Wren, Jonathan D. "404 not found: the stability and persistence of URLs published in MEDLINE." Bioinformatics 20.5 (2004): 668-672.
The first gives us some alarming statistics. In a survey of nearly 1000 web services published in the Nucleic Acids Web Server Issue between 2003 and 2009:
  • Only 72% were still available at the published address.
  • The authors could not test the functionality for 33% because there was no example data, and 13% no longer worked as expected.
  • The authors could only confirm positive functionality for 45%.
  • Only 274 of the 872 corresponding authors answered an email.
  • Of these 78% said a service was developed by a student or temporary researcher, and many had no plan for maintenance after the researcher had moved on to a permanent position.
The Wren et al. paper found that of 1630 URLs identified in Pubmed abstracts, only 63% were consistently available. That rate was far worse for anonymous login FTP sites (33%).

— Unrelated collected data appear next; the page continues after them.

lemma seq_compact_Lambda2:
  fixes I1 :: "'z::real_normed_vector \<Rightarrow>\<^sub>L (real^'m::finite)" and F1 :: "'z \<Rightarrow>\<^sub>L 'e0::real_normed_vector"
    and G1 :: "'z \<Rightarrow>\<^sub>L 'e::real_normed_vector"
  assumes C: "C \<ge> 0" and op: "open_with_constant C (\<lambda>h. (F1 h, G1 h))"
  shows "seq_compact (Lambda2 I1 F1 G1 Q g)"
  unfolding seq_compact_def
proof (intro allI impI)
  fix M :: "nat \<Rightarrow> (real^'m) \<times> ('e0 \<Rightarrow>\<^sub>L real) \<times> ('e \<Rightarrow>\<^sub>L real)"
  assume M_in: "\<forall>n. M n \<in> Lambda2 I1 F1 G1 Q g"
  define ln where "ln n = fst (M n)" for n
  define vn where "vn n = fst (snd (M n))" for n
  define en where "en n = snd (snd (M n))" for n
  have M: "M n = (ln n, vn n, en n)" for n by (simp add: ln_def vn_def en_def)
  have Mn: "\<forall>i. ln n $ i \<ge> 0" "norm (ln n) = 1"
      "\<And>h. ln n \<bullet> I1 h + vn n (F1 h) + en n (G1 h) = 0" "en n \<in> normal_cone_cvx Q g" for n
    using M_in[rule_format, of n] unfolding M by (simp_all add: Lambda2_def)
  have "seq_compact (sphere (0::real^'m) 1)" by (rule compact_imp_seq_compact) simp
  moreover have "\<forall>n. ln n \<in> sphere 0 1" using Mn(2) by simp
  ultimately obtain l r where "l \<in> sphere 0 1" "strict_mono r" "(ln \<circ> r) \<longlonglongrightarrow> l"
    by (rule seq_compactE)
  then have l: "norm l = 1" "strict_mono r" "(\<lambda>n. ln (r n)) \<longlonglongrightarrow> l" by (simp_all add: comp_def)
  have "l $ i \<ge> 0" for i
  proof (rule LIMSEQ_le_const)
    show "(\<lambda>n. ln (r n) $ i) \<longlonglongrightarrow> l $ i" using l(3) by (intro tendsto_intros)
  qed (use Mn(1) in auto)
  moreover have "l \<bullet> I1 h = 0" if "F1 h = 0" "G1 h = 0" for h
  proof (rule LIMSEQ_unique)
    show "(\<lambda>n. ln (r n) \<bullet> I1 h) \<longlonglongrightarrow> l \<bullet> I1 h" using l(3) by (intro tendsto_intros)
    show "(\<lambda>n. ln (r n) \<bullet> I1 h) \<longlonglongrightarrow> 0" using Mn(3)[of _ h] that by simp
  qed
  then obtain v :: "'e0 \<Rightarrow>\<^sub>L real" and e :: "'e \<Rightarrow>\<^sub>L real"
    where lag: "\<And>h. l \<bullet> I1 h + v (F1 h) + e (G1 h) = 0"
    using lagrange_multipliers_for_weights[OF op] by blast
  have small: "(\<lambda>n. C * norm I1 * norm (ln (r n) - l)) \<longlonglongrightarrow> 0"
    using tendsto_mult_right_zero[OF tendsto_norm_zero[OF LIM_zero[OF l(3)]]] by simp
  have "(\<lambda>n. vn (r n) - v) \<longlonglongrightarrow> 0"
    by (rule Lim_null_comparison[OF always_eventually small])
      (use lagrange_multipliers_dist_le(1)[OF C op Mn(3) lag] in blast)
  then have v_lim: "(\<lambda>n. vn (r n)) \<longlonglongrightarrow> v" by (rule LIM_zero_cancel)
  have "(\<lambda>n. en (r n) - e) \<longlonglongrightarrow> 0"
    by (rule Lim_null_comparison[OF always_eventually small])
      (use lagrange_multipliers_dist_le(2)[OF C op Mn(3) lag] in blast)
  then have e_lim: "(\<lambda>n. en (r n)) \<longlonglongrightarrow> e" by (rule LIM_zero_cancel)
  have "e \<in> normal_cone_cvx Q g"
    unfolding normal_cone_cvx_def
  proof (intro CollectI ballI)
    fix q assume q: "q \<in> Q"
    have "(\<lambda>n. en (r n) (q - g)) \<longlonglongrightarrow> e (q - g)" using e_lim by (intro tendsto_intros)
    then show "e (q - g) \<le> 0"
      by (rule LIMSEQ_le_const2) (use Mn(4) q in \<open>auto simp: normal_cone_cvx_def\<close>)
  qed
  ultimately have "(l, v, e) \<in> Lambda2 I1 F1 G1 Q g" using l(1) lag by (simp add: Lambda2_def)
  moreover have "(M \<circ> r) \<longlonglongrightarrow> (l, v, e)"
    unfolding comp_def M by (intro tendsto_Pair l(3) v_lim e_lim)
  ultimately show "\<exists>L\<in>Lambda2 I1 F1 G1 Q g. \<exists>r. strict_mono r \<and> (M \<circ> r) \<longlonglongrightarrow> L"
    using l(2) by blast
qed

OpenHelix recently started this thread on Biostar as an obituary section for bioinformatics tools and resources that have vanished.

It's a fact that most of us academics move around a fair amount. Often we may not deem a tool we developed or data we collected and released to be worth transporting and maintaining. After some grace period, the resource disappears without a trace. 

SOFTWARE

I won't spend much time here because most readers here are probably aware of source code repositories for hosting software projects. Unless you're not releasing the source code to your software (aside: starting an open-source project is a way to stake a claim in a field, not a real risk for getting yourself scooped), I can think of no benefit for hosting your code on your lab website when there are plenty of better alternatives available, such as Sourceforge, GitHub, Google Code, and others. In addition to free project hosting, tools like these provide version control, wikis, bug trackers, mailing lists and other services to enable transparent and open development with the end result of a better product and higher visibility. For more tips on open scientific software development, see this short editorial in PLoS Comp Bio:

Prlić A, Procter JB (2012) Ten Simple Rules for the Open Development of Scientific Software. PLoS Comput Biol 8(12): e1002802. 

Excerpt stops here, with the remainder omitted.